● About this task: Search the material below for lines containing the string "longrightarrow", and copy every one you find.

**** Entries supplied ****

(* Let $L$ be a positive integer and let $X$ and $X_{\mathcal{K}}$, $\mathcal{K}\subseteq\mathcal{I}_L$, be jointly distributed random variables on finite sets with an arbitrary fixed joint distribution. Then the rate region $\{(R_1,\dots,R_L)\in\mathbb{R}^L: R_{\mathcal{K}}\ge\psi(\mathcal{K})\text{ for all }\emptyset\subset\mathcal{K}\subseteq\mathcal{I}_L\}$ is a contra-polymatroid.
   Context: $\mathcal{I}_L=\{1,\dots,L\}$. For a set $\mathcal{A}$, $2^{\mathcal{A}}$ is its power set; for a collection of sets $\mathcal{B}$, $X_{(\mathcal{B})}=\{X_{\mathcal{A}}:\mathcal{A}\in\mathcal{B}\}$ (so $X_{(\emptyset)}$ is a constant, while $X_{\emptyset}$ is the random variable indexed by the empty set). $R_{\mathcal{K}}=\sum_{k\in\mathcal{K}}R_k$. The set function $\psi$ on $2^{\mathcal{I}_L}$ is $\psi(\mathcal{K})=(|\mathcal{K}|-1)I(X;X_{\emptyset})-H(X_{(2^{\mathcal{K}})}|X)+\sum_{\mathcal{A}\subseteq\mathcal{K}}H(X_{\mathcal{A}}|X_{(2^{\mathcal{A}}-\{\mathcal{A}\})})$. A contra-polymatroid (in the sense of Edmonds) is a set of the form $\{(R_1,\dots,R_L): R_{\mathcal{K}}\ge g(\mathcal{K})\ \forall\,\emptyset\subset\mathcal{K}\subseteq\mathcal{I}_L\}$ where $g:2^{\mathcal{I}_L}\to\mathbb{R}$ satisfies $g(\emptyset)=0$, $g(\mathcal{S})\le g(\mathcal{T})$ whenever $\mathcal{S}\subset\mathcal{T}$, and $g(\mathcal{S})+g(\mathcal{T})\le g(\mathcal{S}\cup\mathcal{T})+g(\mathcal{S}\cap\mathcal{T})$ for all $\mathcal{S},\mathcal{T}$. *)

theory Defs
  imports "HOL-Probability.Probability_Mass_Function"
begin

definition ent :: "'w pmf \<Rightarrow> ('w \<Rightarrow> 'v) \<Rightarrow> real" where
  "ent p f = - (\<Sum>v \<in> f ` set_pmf p.
      measure_pmf.prob p {w. f w = v} * log 2 (measure_pmf.prob p {w. f w = v}))"

definition cond_ent :: "'w pmf \<Rightarrow> ('w \<Rightarrow> 'u) \<Rightarrow> ('w \<Rightarrow> 'v) \<Rightarrow> real" where
  "cond_ent p f g = ent p (\<lambda>w. (f w, g w)) - ent p g"

definition mut_info :: "'w pmf \<Rightarrow> ('w \<Rightarrow> 'u) \<Rightarrow> ('w \<Rightarrow> 'v) \<Rightarrow> real" where
  "mut_info p f g = ent p f + ent p g - ent p (\<lambda>w. (f w, g w))"

definition coll :: "(nat set \<Rightarrow> 'w \<Rightarrow> 'b) \<Rightarrow> nat set set \<Rightarrow> 'w \<Rightarrow> (nat set \<Rightarrow> 'b)" where
  "coll Xs B = (\<lambda>w. restrict (\<lambda>A. Xs A w) B)"
text \<open>The hypothesis \<open>\<epsilon> \<ge> 0\<close> only guarantees feasibility (of the identity matrix); both
  problems have the same set of objective values regardless.\<close>
theorem theorem2:
  fixes M :: "real^'n^'m" and \<epsilon> :: real
    and \<alpha> :: "'n \<Rightarrow> real" and Nc :: "real^'m \<Rightarrow> real"
  assumes eps: "\<epsilon> \<ge> 0"
    and alpha_pos: "\<forall>i. \<alpha> i > 0"
    and Nc_norm: "is_vector_norm Nc"
  defines "nrm \<equiv> colwise_norm \<alpha> Nc"
  shows "opt_value norm_1_inf (feasible_P1 nrm M \<epsilon>) = opt_value mat_trace (feasible_P2 nrm M \<epsilon>)
         \<and> (\<forall>X. is_optimal mat_trace (feasible_P2 nrm M \<epsilon>) X
                  \<longrightarrow> is_optimal norm_1_inf (feasible_P1 nrm M \<epsilon>) X)
         \<and> (\<forall>Xs. is_optimal norm_1_inf (feasible_P1 nrm M \<epsilon>) Xs
                  \<longrightarrow> (\<exists>Xd. is_optimal mat_trace (feasible_P2 nrm M \<epsilon>) Xd
                           \<and> nrm (M - M ** Xd) = nrm (M - M ** Xs)))"
proof (intro conjI allI impI)
  show "opt_value norm_1_inf (feasible_P1 nrm M \<epsilon>) = opt_value mat_trace (feasible_P2 nrm M \<epsilon>)"
    unfolding nrm_def opt_value_def
    by (simp add: mat_trace_feasible_P2_eq_norm_1_inf_feasible_P1[OF Nc_norm alpha_pos])
  show "is_optimal norm_1_inf (feasible_P1 nrm M \<epsilon>) X"
    if "is_optimal mat_trace (feasible_P2 nrm M \<epsilon>) X" for X
    using optimal_P2_imp_optimal_P1[OF Nc_norm alpha_pos] that by (simp add: nrm_def)
  show "\<exists>Xd. is_optimal mat_trace (feasible_P2 nrm M \<epsilon>) Xd \<and> nrm (M - M ** Xd) = nrm (M - M ** Xs)"
    if "is_optimal norm_1_inf (feasible_P1 nrm M \<epsilon>) Xs" for Xs
    using raise_diagonal_optimal_P2[OF Nc_norm alpha_pos]
      residual_raise_diagonal_optimal[OF Nc_norm alpha_pos] that
    unfolding nrm_def by blast
qed

end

****

● Response:
                  \<longrightarrow> is_optimal norm_1_inf (feasible_P1 nrm M \<epsilon>) X)
                  \<longrightarrow> (\<exists>Xd. is_optimal mat_trace (feasible_P2 nrm M \<epsilon>) Xd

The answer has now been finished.